A unique feature of the recipe I used was that it has you cook part of the butter until it browns slightly; that adds a slight nuttiness you normally do not get. The dough is a soft and, I guess because my egg was so dang big, a bit wet: I had to add some extra flour. The dough is scooped into balls, rolled into sugar and then baked. The cookies are chewy, with a slight stickiness, but the flavor is just a bit odd. As if they were missing something — but I have no idea what that might be. Ice cream? Coffee? (I gotta get some decaf for evenings.)
More than anything, I guess, these are like soft, chewie Blondies. I’m thinking that sticking a chocolate kiss in the middle of the cookie and letting it melt while baking could be a very groovy thing to try.
It was a quick recipe, fun to make, and, as it turns out, three cookies were more than enough. Oatmeal-raisin? I’m lucky if I don’t eat the whole batch from the bowl before baking.

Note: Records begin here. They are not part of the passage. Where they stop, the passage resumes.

(* Let $U$ be a nonempty finite set, $R\subseteq U\times U$ serial and transitive, $h$ the height function of $(Reg(U,R),\subseteq)$, and let $M(Reg(U,R))$ be the matroid on $U$ whose independent sets are $\mathbf{I}(Reg(U,R);h)$, with rank function $r$. Then for every $X\subseteq U$, $$r(X)=\min_{Y\in Reg(U,R)}\{h(Y)+|X\setminus Y|\}.$$
   Context: $R_s(x)=\{y\in U\mid xRy\}$; $\underline{R}(X)=\{x\mid R_s(x)\subseteq X\}$, $\overline{R}(X)=\{x\mid R_s(x)\cap X\neq\emptyset\}$; $X$ is regular if $X=\underline{R}(\overline{R}(X))$, and $Reg(U,R)$ is the lattice of regular sets under inclusion, with least element $\emptyset$. $h(A)$ is the length of a maximal chain in $[\emptyset,A]$. $\mathbf{I}(Reg(U,R);h)=\{X\subseteq U\mid h(Y)\ge|X\cap Y|\ \forall Y\in Reg(U,R)\}$. The rank function of a matroid is $r(X)=\max\{|I|\mid I\subseteq X,\ I\text{ independent}\}$. *)

theory Defs
  imports Main
begin

definition serial_on :: "'a set \<Rightarrow> ('a \<times> 'a) set \<Rightarrow> bool" where
  "serial_on U R \<longleftrightarrow> (\<forall>x\<in>U. \<exists>y\<in>U. (x, y) \<in> R)"

definition succ_nbhd :: "'a set \<Rightarrow> ('a \<times> 'a) set \<Rightarrow> 'a \<Rightarrow> 'a set" where
  "succ_nbhd U R x = {y \<in> U. (x, y) \<in> R}"

definition lower_approx :: "'a set \<Rightarrow> ('a \<times> 'a) set \<Rightarrow> 'a set \<Rightarrow> 'a set" where
  "lower_approx U R X = {x \<in> U. succ_nbhd U R x \<subseteq> X}"

definition upper_approx :: "'a set \<Rightarrow> ('a \<times> 'a) set \<Rightarrow> 'a set \<Rightarrow> 'a set" where
  "upper_approx U R X = {x \<in> U. succ_nbhd U R x \<inter> X \<noteq> {}}"

definition Reg :: "'a set \<Rightarrow> ('a \<times> 'a) set \<Rightarrow> 'a set set" where
  "Reg U R = {X. X \<subseteq> U \<and> X = lower_approx U R (upper_approx U R X)}"

definition reg_chain_below :: "'a set \<Rightarrow> ('a \<times> 'a) set \<Rightarrow> 'a set \<Rightarrow> 'a set set \<Rightarrow> bool" where
  "reg_chain_below U R A C \<longleftrightarrow> C \<subseteq> Reg U R \<and> (\<forall>Y\<in>C. Y \<subseteq> A)
     \<and> (\<forall>Y1\<in>C. \<forall>Y2\<in>C. Y1 \<subseteq> Y2 \<or> Y2 \<subseteq> Y1)"

definition reg_height :: "'a set \<Rightarrow> ('a \<times> 'a) set \<Rightarrow> 'a set \<Rightarrow> nat" where
  "reg_height U R A = Max {card C - 1 | C. reg_chain_below U R A C}"

definition reg_indep :: "'a set \<Rightarrow> ('a \<times> 'a) set \<Rightarrow> 'a set set" where
  "reg_indep U R = {X. X \<subseteq> U \<and> (\<forall>Y\<in>Reg U R. card (X \<inter> Y) \<le> reg_height U R Y)}"

definition reg_rank :: "'a set \<Rightarrow> ('a \<times> 'a) set \<Rightarrow> 'a set \<Rightarrow> nat" where
  "reg_rank U R X = Max {card I | I. I \<subseteq> X \<and> I \<in> reg_indep U R}"

end

theory Submission
  imports Defs
begin

(* The formula r(X) = min { h(Y) + |X - Y| : Y regular } is an instance of the rank
   formula for the matroid defined by a submodular function f on an intersection-closed
   family L of subsets of a finite ground set, whose independent sets are the I with
   |I \<inter> Y| \<le> f Y for all Y \<in> L.  The inequality "max \<le> min" is immediate; for the
   converse an exchange argument, by induction on X, produces an independent I \<subseteq> X and a
   Y \<in> L with f Y + |X - Y| \<le> |I|.
   For a serial transitive relation on a finite set, the terminal points (every successor
   of which leads back to them) fall into clusters, and the regular sets are exactly the
   sets reg_of S determined by sets S of clusters; reg_of is an order isomorphism from
   Pow clusters onto Reg U R.  Hence the height of a regular set is the number of clusters
   it meets, which is modular, so (Reg U R, h) satisfies the assumptions of
   submodular_family and the theorem follows from the abstract rank formula. *)

section \<open>The rank formula for a submodular function on a set family\<close>

definition indep_wrt :: "'a set set \<Rightarrow> ('a set \<Rightarrow> nat) \<Rightarrow> 'a set \<Rightarrow> bool" where
  "indep_wrt L f I \<longleftrightarrow> (\<forall>Y\<in>L. card (I \<inter> Y) \<le> f Y)"

lemma indep_card_le:
  assumes "indep_wrt L f I" and "I \<subseteq> X" and "finite X" and "Y \<in> L"
  shows "card I \<le> f Y + card (X - Y)"
proof -
  have "finite I" using assms(2,3) by (rule finite_subset)
  then have "card I = card (I \<inter> Y) + card (I - Y)" by (rule card_Int_Diff)
  moreover have "card (I \<inter> Y) \<le> f Y" using assms(1,4) by (simp add: indep_wrt_def)
  moreover have "card (I - Y) \<le> card (X - Y)" using assms(2,3) by (intro card_mono) auto
  ultimately show ?thesis by linarith
qed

Pancakes with a malicious will
Pancakes have a will of their own; that is, I think, the only way to explain their contrary nature. I know I made my pancakes perfectly this morning: fresh buttermilk, flour, baking powder & baking soda; I even got the griddle to the perfect heat. And yet the frickin’ things refused to puff, lay as flat as if I had made them with wallpaper paste. Why? Was it the rain? Did I get a bum carton of buttermilk? What the hell had gone wrong?
No, it was the pancakes themselves. The willfully and maliciously refused to obey the laws of physics, ignoring the chemical demand of the buttermilk and baking soda & powder; they pretended they were under no obligation to do what all properly made buttermilk pancakes do: cook into fat, thick, puffy pillows of pancakey goodness.
Bastards.
Anyway, I made a concoction of banana (sauteed briefly in butter and a bit of brown sugar), blueberries and (real) maple syrup to have on top. My older son, Alex, was never a maple syrup fan (huh?), so I used to make a fruit syrup of this sort for him, with a bit more brown sugar and no maple syrup, of course. One advantage of this method is that, for me, it uses less maple syrup, a good thing in several ways (more fruit, less sugar, save money on syrup). It’s very yummy.
Would have been even better if the fracking pancakes had done what they were supposed to. Bastards.